* _Work task_:
Copy out all lines bearing the word "lambda" from the listing below.

* _Supplied material_:
= Beginning of Section =

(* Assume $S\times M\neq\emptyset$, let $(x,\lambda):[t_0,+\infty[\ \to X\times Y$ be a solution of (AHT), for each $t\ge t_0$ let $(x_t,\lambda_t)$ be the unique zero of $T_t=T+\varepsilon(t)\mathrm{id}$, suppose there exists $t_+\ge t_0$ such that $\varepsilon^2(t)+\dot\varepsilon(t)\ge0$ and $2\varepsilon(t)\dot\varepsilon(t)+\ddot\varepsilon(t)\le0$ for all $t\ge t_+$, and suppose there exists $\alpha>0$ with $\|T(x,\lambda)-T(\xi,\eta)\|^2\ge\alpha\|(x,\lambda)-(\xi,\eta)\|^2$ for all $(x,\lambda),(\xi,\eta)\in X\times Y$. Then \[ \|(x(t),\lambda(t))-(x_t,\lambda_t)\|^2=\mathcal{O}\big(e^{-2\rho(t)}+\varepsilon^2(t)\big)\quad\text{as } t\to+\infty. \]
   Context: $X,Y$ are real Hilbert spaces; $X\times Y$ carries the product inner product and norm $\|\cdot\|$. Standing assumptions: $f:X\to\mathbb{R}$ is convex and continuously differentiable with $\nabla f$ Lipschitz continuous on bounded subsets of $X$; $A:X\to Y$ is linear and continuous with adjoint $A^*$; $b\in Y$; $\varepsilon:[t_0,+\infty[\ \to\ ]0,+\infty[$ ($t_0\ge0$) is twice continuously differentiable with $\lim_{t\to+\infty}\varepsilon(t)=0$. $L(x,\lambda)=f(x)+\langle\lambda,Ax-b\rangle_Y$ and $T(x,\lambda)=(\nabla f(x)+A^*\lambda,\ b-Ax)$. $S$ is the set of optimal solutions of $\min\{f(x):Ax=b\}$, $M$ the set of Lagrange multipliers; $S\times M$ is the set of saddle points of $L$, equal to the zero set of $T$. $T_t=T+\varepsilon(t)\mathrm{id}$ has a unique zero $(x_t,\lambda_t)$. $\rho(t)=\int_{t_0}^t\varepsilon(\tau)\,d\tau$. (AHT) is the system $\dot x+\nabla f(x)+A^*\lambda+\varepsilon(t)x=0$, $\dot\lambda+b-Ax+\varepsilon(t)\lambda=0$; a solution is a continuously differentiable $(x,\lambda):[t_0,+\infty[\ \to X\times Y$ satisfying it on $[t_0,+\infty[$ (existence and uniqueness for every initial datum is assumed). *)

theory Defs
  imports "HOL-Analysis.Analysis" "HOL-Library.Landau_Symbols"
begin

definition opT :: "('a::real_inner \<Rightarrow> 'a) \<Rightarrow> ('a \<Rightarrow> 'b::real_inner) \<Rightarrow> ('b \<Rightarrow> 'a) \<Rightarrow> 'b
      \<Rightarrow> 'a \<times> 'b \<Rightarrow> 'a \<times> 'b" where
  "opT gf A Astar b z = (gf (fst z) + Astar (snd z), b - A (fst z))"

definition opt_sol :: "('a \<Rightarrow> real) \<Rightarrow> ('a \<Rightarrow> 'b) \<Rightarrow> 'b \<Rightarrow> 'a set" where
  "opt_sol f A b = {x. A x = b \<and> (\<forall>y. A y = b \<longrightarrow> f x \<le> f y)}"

= End of Section =
= Beginning of Section =

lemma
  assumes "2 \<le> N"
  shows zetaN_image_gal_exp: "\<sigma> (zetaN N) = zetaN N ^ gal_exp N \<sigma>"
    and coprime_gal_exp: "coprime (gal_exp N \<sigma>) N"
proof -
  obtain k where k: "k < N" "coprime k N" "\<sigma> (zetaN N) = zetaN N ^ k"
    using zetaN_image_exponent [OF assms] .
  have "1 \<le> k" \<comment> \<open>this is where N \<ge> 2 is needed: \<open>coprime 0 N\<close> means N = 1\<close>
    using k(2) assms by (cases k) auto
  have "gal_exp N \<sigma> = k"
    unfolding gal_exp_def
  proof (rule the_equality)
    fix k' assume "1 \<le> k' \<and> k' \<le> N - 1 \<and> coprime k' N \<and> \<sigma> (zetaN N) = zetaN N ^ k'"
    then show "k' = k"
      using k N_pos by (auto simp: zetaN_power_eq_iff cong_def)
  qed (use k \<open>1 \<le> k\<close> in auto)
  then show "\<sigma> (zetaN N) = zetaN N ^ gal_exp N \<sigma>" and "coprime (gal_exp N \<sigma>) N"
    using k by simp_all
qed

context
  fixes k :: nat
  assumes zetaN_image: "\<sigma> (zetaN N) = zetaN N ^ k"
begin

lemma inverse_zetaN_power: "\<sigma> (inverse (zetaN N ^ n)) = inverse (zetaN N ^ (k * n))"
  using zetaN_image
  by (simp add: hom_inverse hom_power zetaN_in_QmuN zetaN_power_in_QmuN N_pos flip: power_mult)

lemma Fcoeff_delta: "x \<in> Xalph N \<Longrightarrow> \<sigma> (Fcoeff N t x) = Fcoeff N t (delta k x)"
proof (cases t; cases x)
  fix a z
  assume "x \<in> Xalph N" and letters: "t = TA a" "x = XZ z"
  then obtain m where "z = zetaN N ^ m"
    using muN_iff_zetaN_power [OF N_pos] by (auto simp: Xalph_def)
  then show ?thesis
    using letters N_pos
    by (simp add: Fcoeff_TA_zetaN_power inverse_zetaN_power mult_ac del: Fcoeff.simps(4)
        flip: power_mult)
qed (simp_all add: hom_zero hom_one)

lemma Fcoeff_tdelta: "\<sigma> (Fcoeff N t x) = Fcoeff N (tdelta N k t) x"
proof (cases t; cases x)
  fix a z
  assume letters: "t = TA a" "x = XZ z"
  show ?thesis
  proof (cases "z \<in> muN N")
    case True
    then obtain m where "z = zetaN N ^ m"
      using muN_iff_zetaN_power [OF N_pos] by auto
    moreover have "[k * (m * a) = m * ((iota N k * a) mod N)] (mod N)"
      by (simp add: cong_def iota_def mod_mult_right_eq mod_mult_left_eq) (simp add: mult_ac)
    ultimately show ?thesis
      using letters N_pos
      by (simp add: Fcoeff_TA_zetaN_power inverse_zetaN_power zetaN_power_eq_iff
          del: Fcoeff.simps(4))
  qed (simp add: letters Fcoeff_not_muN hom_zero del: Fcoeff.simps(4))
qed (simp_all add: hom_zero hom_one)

= End of Section =

* _Response_:
(* Assume $S\times M\neq\emptyset$, let $(x,\lambda):[t_0,+\infty[\ \to X\times Y$ be a solution of (AHT), for each $t\ge t_0$ let $(x_t,\lambda_t)$ be the unique zero of $T_t=T+\varepsilon(t)\mathrm{id}$, suppose there exists $t_+\ge t_0$ such that $\varepsilon^2(t)+\dot\varepsilon(t)\ge0$ and $2\varepsilon(t)\dot\varepsilon(t)+\ddot\varepsilon(t)\le0$ for all $t\ge t_+$, and suppose there exists $\alpha>0$ with $\|T(x,\lambda)-T(\xi,\eta)\|^2\ge\alpha\|(x,\lambda)-(\xi,\eta)\|^2$ for all $(x,\lambda),(\xi,\eta)\in X\times Y$. Then \[ \|(x(t),\lambda(t))-(x_t,\lambda_t)\|^2=\mathcal{O}\big(e^{-2\rho(t)}+\varepsilon^2(t)\big)\quad\text{as } t\to+\infty. \]
   Context: $X,Y$ are real Hilbert spaces; $X\times Y$ carries the product inner product and norm $\|\cdot\|$. Standing assumptions: $f:X\to\mathbb{R}$ is convex and continuously differentiable with $\nabla f$ Lipschitz continuous on bounded subsets of $X$; $A:X\to Y$ is linear and continuous with adjoint $A^*$; $b\in Y$; $\varepsilon:[t_0,+\infty[\ \to\ ]0,+\infty[$ ($t_0\ge0$) is twice continuously differentiable with $\lim_{t\to+\infty}\varepsilon(t)=0$. $L(x,\lambda)=f(x)+\langle\lambda,Ax-b\rangle_Y$ and $T(x,\lambda)=(\nabla f(x)+A^*\lambda,\ b-Ax)$. $S$ is the set of optimal solutions of $\min\{f(x):Ax=b\}$, $M$ the set of Lagrange multipliers; $S\times M$ is the set of saddle points of $L$, equal to the zero set of $T$. $T_t=T+\varepsilon(t)\mathrm{id}$ has a unique zero $(x_t,\lambda_t)$. $\rho(t)=\int_{t_0}^t\varepsilon(\tau)\,d\tau$. (AHT) is the system $\dot x+\nabla f(x)+A^*\lambda+\varepsilon(t)x=0$, $\dot\lambda+b-Ax+\varepsilon(t)\lambda=0$; a solution is a continuously differentiable $(x,\lambda):[t_0,+\infty[\ \to X\times Y$ satisfying it on $[t_0,+\infty[$ (existence and uniqueness for every initial datum is assumed). *)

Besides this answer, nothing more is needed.